For the sake of simplicity of the model, InLOC represents all relationships, and properties that require one or two identifiers, within the same structure, the LOC association.

Each LOCassociation has a type, a subject, a scheme, and an object. It may also have a number that is used in specific circumstances only. The type serves to distinguish how the rest of the information is used. Each type covers one part of the core features introduced above.

Relationships between LOC definitions

For these, the LOCassociation has type LOCrel, standing for "LOC relationships". The scheme is the particular relationship, and the object is the object of the relationship. More detail is given when discussing the relationships.

For one particular relationship only – hasDefinedLevel – the association number is used. See InLOC treatment of levels.

Authorship / ownership information

For this, the LOCassociation has type by. The scheme gives the particular property, and the object holds both identifier and name of the relevant agent. One variable identifier is sufficient here – the relationship identifier is taken from a fixed list of four well-understood values, taken from Dublin Core [DCMI], as restricting values of well-understood properties is a good way towards interoperability.

General categories

To represent this information, much as in Atom, the LOCassociation has type category. The scheme holds the category scheme classifying the structure or definition, and the object holds the term within that scheme, and any associated labels.

Credit values

Here, the LOCassociation has type credit. The scheme holds the credit scheme, the object holds the level, if needed, and the actual credit value is put into the special number field.

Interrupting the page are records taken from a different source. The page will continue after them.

lemma inc_nodes_empty_is_hom:
  "inc_nodes S A = {} \<Longrightarrow> is_hom S A B f"
  unfolding inc_nodes_def is_hom_def by auto

definition empty_struc :: "'r struc" where
  "empty_struc = \<lparr>verts = {}, rels = (\<lambda>R. {})\<rparr>"

lemma is_struc_empty_struc: "is_struc S ar empty_struc"
  unfolding is_struc_def empty_struc_def by simp

lemma hom_to_empty_struc_inc_nodes: "hom_to S A empty_struc \<Longrightarrow> inc_nodes S A = {}"
  unfolding hom_to_def is_hom_def empty_struc_def inc_nodes_def by auto

definition induced_struc :: "(nat + ('r \<times> nat list) \<Rightarrow> bool) \<Rightarrow> 'r struc \<Rightarrow> 'r struc" where
  "induced_struc P A = \<lparr>verts = {v \<in> verts A. P (Inl v)},
     rels = (\<lambda>R. {t \<in> rels A R. P (Inr (R, t))})\<rparr>"

lemma is_struc_induced_struc:
  assumes A: "is_struc S ar A" and P: "inc_closed S A P"
  shows "is_struc S ar (induced_struc P A)"
  unfolding is_struc_def
proof (intro conjI ballI allI impI)
  show "finite (verts (induced_struc P A))"
    using A unfolding is_struc_def induced_struc_def by simp
next
  fix R t assume R: "R \<in> S" and t: "t \<in> rels (induced_struc P A) R"
  then have t': "t \<in> rels A R" "P (Inr (R, t))" unfolding induced_struc_def by simp_all
  then have "length t = ar R" "set t \<subseteq> verts A" using A R unfolding is_struc_def by blast+
  moreover have "P (Inl v)" if "v \<in> set t" for v
    using P t' R that \<open>set t \<subseteq> verts A\<close> inc_adjI[of v A R S t] unfolding inc_closed_def by blast
  ultimately show "length t = ar R" "set t \<subseteq> verts (induced_struc P A)"
    unfolding induced_struc_def by auto
next
  fix R assume "R \<notin> S"
  then show "rels (induced_struc P A) R = {}"
    using A unfolding is_struc_def induced_struc_def by simp
qed

lemma is_hom_induced_struc_incl: "is_hom S (induced_struc P A) A id"
  unfolding is_hom_def induced_struc_def by auto

lemma hom_to_glue_induced_struc:
  assumes A: "is_struc S ar A" and P: "inc_closed S A P"
    and f: "is_hom S (induced_struc P A) B f"
    and g: "is_hom S (induced_struc (\<lambda>x. \<not> P x) A) B g"
  shows "hom_to S A B"
proof -
  define h where "h v = (if P (Inl v) then f v else g v)" for v
  have "map h t \<in> rels B R" if R: "R \<in> S" and t: "t \<in> rels A R" for R t
  proof -
    have "P (Inl v) \<longleftrightarrow> P (Inr (R, t))" if "v \<in> set t" for v
      using P A R t that inc_adjI[of v A R S t] unfolding is_struc_def inc_closed_def by blast
    then have "map h t = (if P (Inr (R, t)) then map f t else map g t)"
      unfolding h_def by (simp cong: map_cong)
    moreover have "map f t \<in> rels B R" if "P (Inr (R, t))"
      using f R t that unfolding is_hom_def induced_struc_def by simp
    moreover have "map g t \<in> rels B R" if "\<not> P (Inr (R, t))"
      using g R t that unfolding is_hom_def induced_struc_def by simp
    ultimately show ?thesis by presburger
  qed
  moreover have "h ` verts A \<subseteq> verts B"
    using f g unfolding is_hom_def induced_struc_def h_def by auto
  ultimately show ?thesis
    unfolding hom_to_def is_hom_def by blast
qed

text \<open>Counting vertices only shows that \<open>P\<close> holds on all vertices; a nullary block
\<open>(R, [])\<close> has no vertex, and it satisfies \<open>P\<close> because \<open>f\<close> maps it to itself.\<close>

lemma core_hom_to_induced_struc:
  assumes core: "is_core S ar A" and A: "is_struc S ar A" and P: "inc_closed S A P"
    and f: "is_hom S A (induced_struc P A) f"
    and x: "x \<in> inc_nodes S A"
  shows "P x"
proof -
  have "hom_equiv S A (induced_struc P A)"
    using f is_hom_induced_struc_incl unfolding hom_equiv_def hom_to_def by blast
  then have "card (verts A) \<le> card (verts (induced_struc P A))"
    using core is_struc_induced_struc[OF A P] unfolding is_core_def by blast
  moreover have "verts (induced_struc P A) \<subseteq> verts A" "finite (verts A)"
    using A unfolding induced_struc_def is_struc_def by auto
  ultimately have "verts (induced_struc P A) = verts A"
    using card_seteq by blast
  then have verts_P: "P (Inl v)" if "v \<in> verts A" for v
    using that unfolding induced_struc_def by auto
  show ?thesis
  proof (cases x)
    case (Inl v)
    with x verts_P show ?thesis unfolding inc_nodes_def by auto
  next
    case (Inr b)
    then obtain R t where Rt: "x = Inr (R, t)" "R \<in> S" "t \<in> rels A R"
      using x unfolding inc_nodes_def by auto
    show ?thesis
    proof (cases t)
      case Nil
      with Rt f show ?thesis unfolding is_hom_def induced_struc_def by fastforce
    next
      case (Cons v vs)
      then have "v \<in> set t" by simp
      then have "v \<in> verts A" using A Rt unfolding is_struc_def by blast
      with \<open>v \<in> set t\<close> Rt P verts_P inc_adjI[of v A R S t] show ?thesis
        unfolding inc_closed_def by blast
    qed
  qed
qed

definition disjoint_union :: "'r struc \<Rightarrow> 'r struc \<Rightarrow> 'r struc" where
  "disjoint_union A B = \<lparr>verts = (\<lambda>n. 2 * n) ` verts A \<union> (\<lambda>n. 2 * n + 1) ` verts B,
     rels = (\<lambda>R. map (\<lambda>n. 2 * n) ` rels A R \<union> map (\<lambda>n. 2 * n + 1) ` rels B R)\<rparr>"

lemma is_struc_disjoint_union:
  assumes "is_struc S ar A" "is_struc S ar B"
  shows "is_struc S ar (disjoint_union A B)"
  using assms unfolding is_struc_def disjoint_union_def
  by (auto simp: image_iff) (metis subsetD)+

lemma hom_to_disjoint_union_left: "hom_to S A (disjoint_union A B)"
  unfolding hom_to_def is_hom_def disjoint_union_def by auto

lemma hom_to_disjoint_union_right: "hom_to S B (disjoint_union A B)"
  unfolding hom_to_def is_hom_def disjoint_union_def by auto

lemma is_hom_through_embedding:
  assumes dc: "\<And>n. d (c n) = n"
    and verts: "\<forall>v\<in>verts A. f v \<in> c ` verts B"
    and rels: "\<forall>R\<in>S. \<forall>t\<in>rels A R. map f t \<in> map c ` rels B R"
  shows "is_hom S A B (d \<circ> f)"
  unfolding is_hom_def
proof (intro conjI ballI)
  show "(d \<circ> f) ` verts A \<subseteq> verts B" using verts dc by auto
next
  fix R t assume "R \<in> S" "t \<in> rels A R"
  then obtain s where s: "s \<in> rels B R" "map f t = map c s" using rels by blast
  have "map (d \<circ> f) t = map d (map c s)" by (simp flip: s(2))
  also have "\<dots> = s" by (simp add: dc map_idI)
  finally show "map (d \<circ> f) t \<in> rels B R" using s(1) by simp
qed

text \<open>The left summand consists of even numbers and the right one of odd numbers, so lying in
the left summand is a property of incidence nodes respected by adjacency.\<close>

lemma inc_closed_hom_to_disjoint_union_left:
  assumes f: "is_hom S A (disjoint_union B C) f" and B: "is_struc S ar B"
  shows "inc_closed S A (\<lambda>x. case x of Inl v \<Rightarrow> f v \<in> (\<lambda>n. 2 * n) ` verts B
    | Inr (R, t) \<Rightarrow> map f t \<in> map (\<lambda>n. 2 * n) ` rels B R)" (is "inc_closed S A ?P")
proof -
  let ?l = "\<lambda>n::nat. 2 * n" and ?r = "\<lambda>n::nat. 2 * n + 1"
  have "?P (Inl v) \<longleftrightarrow> ?P (Inr (R, t))"
    if "v \<in> verts A" "R \<in> S" "t \<in> rels A R" "v \<in> set t" for v R t
  proof -
    have ft: "map f t \<in> map ?l ` rels B R \<union> map ?r ` rels C R"
      using f that unfolding is_hom_def disjoint_union_def by auto
    have "?P (Inl v)" if "map f t = map ?l s" "s \<in> rels B R" for s
    proof -
      have "f v \<in> ?l ` set s" using \<open>v \<in> set t\<close> that(1) by (metis image_eqI list.set_map)
      moreover have "set s \<subseteq> verts B" using B \<open>R \<in> S\<close> that(2) unfolding is_struc_def by blast
      ultimately show ?thesis by auto
    qed
    moreover have "\<not> ?P (Inl v)" if "map f t = map ?r s" for s
    proof -
      have "f v \<in> ?r ` set s" using \<open>v \<in> set t\<close> that by (metis image_eqI list.set_map)
      then have "odd (f v)" by auto
      then show ?thesis by auto
    qed
    ultimately show ?thesis using ft by fastforce
  qed
  then show ?thesis
    unfolding inc_closed_def inc_adj_def by blast
qed

lemma connected_hom_to_disjoint_union:
  assumes conn: "connected_struc S A"
    and f: "is_hom S A (disjoint_union B C) f"
    and B: "is_struc S ar B"
  shows "hom_to S A B \<or> hom_to S A C"
proof -
  let ?l = "\<lambda>n::nat. 2 * n" and ?r = "\<lambda>n::nat. 2 * n + 1"
  define P where "P x = (case x of Inl v \<Rightarrow> f v \<in> ?l ` verts B
    | Inr (R, t) \<Rightarrow> map f t \<in> map ?l ` rels B R)" for x
  have closed: "inc_closed S A P"
    unfolding P_def by (rule inc_closed_hom_to_disjoint_union_left[OF f B])
  obtain x where x: "x \<in> inc_nodes S A"
    using conn unfolding connected_struc_def by blast
  have P_nodes: "(\<forall>v\<in>verts A. Q (Inl v)) \<and> (\<forall>R\<in>S. \<forall>t\<in>rels A R. Q (Inr (R, t)))"
    if "Q x" "inc_closed S A Q" for Q
    using connected_struc_inc_closed[OF conn that(2) x _ that(1)] unfolding inc_nodes_def by blast
  show ?thesis
  proof (cases "P x")
    case True
    with P_nodes[OF _ closed] have "is_hom S A B ((\<lambda>n. n div 2) \<circ> f)"
      by (intro is_hom_through_embedding[where c = ?l]) (auto simp: P_def)
    then show ?thesis unfolding hom_to_def by blast
  next
    case False
    have "f v \<in> ?l ` verts B \<union> ?r ` verts C" if "v \<in> verts A" for v
      using f that unfolding is_hom_def disjoint_union_def by auto
    moreover have "map f t \<in> map ?l ` rels B R \<union> map ?r ` rels C R"
      if "R \<in> S" "t \<in> rels A R" for R t
      using f that unfolding is_hom_def disjoint_union_def by auto
    ultimately have "is_hom S A C ((\<lambda>n. n div 2) \<circ> f)"
      using False P_nodes[OF _ inc_closed_Not[OF closed]]
      by (intro is_hom_through_embedding[where c = ?r]) (auto simp: P_def)
    then show ?thesis unfolding hom_to_def by blast
  qed
qed

lemma duality_pair_dual_no_obstruction:
  assumes dual: "duality_pair S ar Obs Dl" and D: "D \<in> Dl" and T: "T \<in> Obs"
  shows "\<not> hom_to S T D"
proof -
  have "is_struc S ar D" using dual D unfolding duality_pair_def by blast
  moreover have "\<exists>X\<in>Dl. hom_to S D X" using D hom_to_refl by blast
  ultimately show ?thesis using dual T unfolding duality_pair_def by blast
qed

lemma duality_pair_dual_nonempty:
  assumes dual: "duality_pair S ar Obs Dl" and conn: "\<forall>T\<in>Obs. connected_struc S T"
  shows "Dl \<noteq> {}"
proof
  assume "Dl = {}"
  then obtain T where "T \<in> Obs" "hom_to S T empty_struc"
    using dual is_struc_empty_struc unfolding duality_pair_def by blast
  then show False
    using conn hom_to_empty_struc_inc_nodes unfolding connected_struc_def by blast
qed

Levels of LOC definitions in (externally defined) level schemes or frameworks

For these, the LOCassociation has type level. The scheme holds the level scheme; the object holds the level identifier and/or label, and the actual numeric level is put in the special number field.

Associated topics

For these, the LOCassociation has type topic. The scheme holds the catalogue, or similar list from which the topic is taken, and the object holds the topic itself, which could be either or both of an identifier or labels.

Summary of LOC associations

The core of a LOCassociation instance is therefore like a Semantic Web "triple", but the LOC association has more information in it than a triple. Each component (corresponding to the components of a triple) may link together one machine-processable and unambiguous id, and any number of human-readable labels, designed to accommodate as many languages as desired.

If a relationship or attribute has just one variable object to identify, then the relationship, drawn from a fixed list, is represented in the scheme, and the object is as expected.

If a property has two variable components, the generic aspect is represented in the scheme, and the specific aspect is represented in the object. The type of LOCassociation is used to distinguish each different property with two variable components.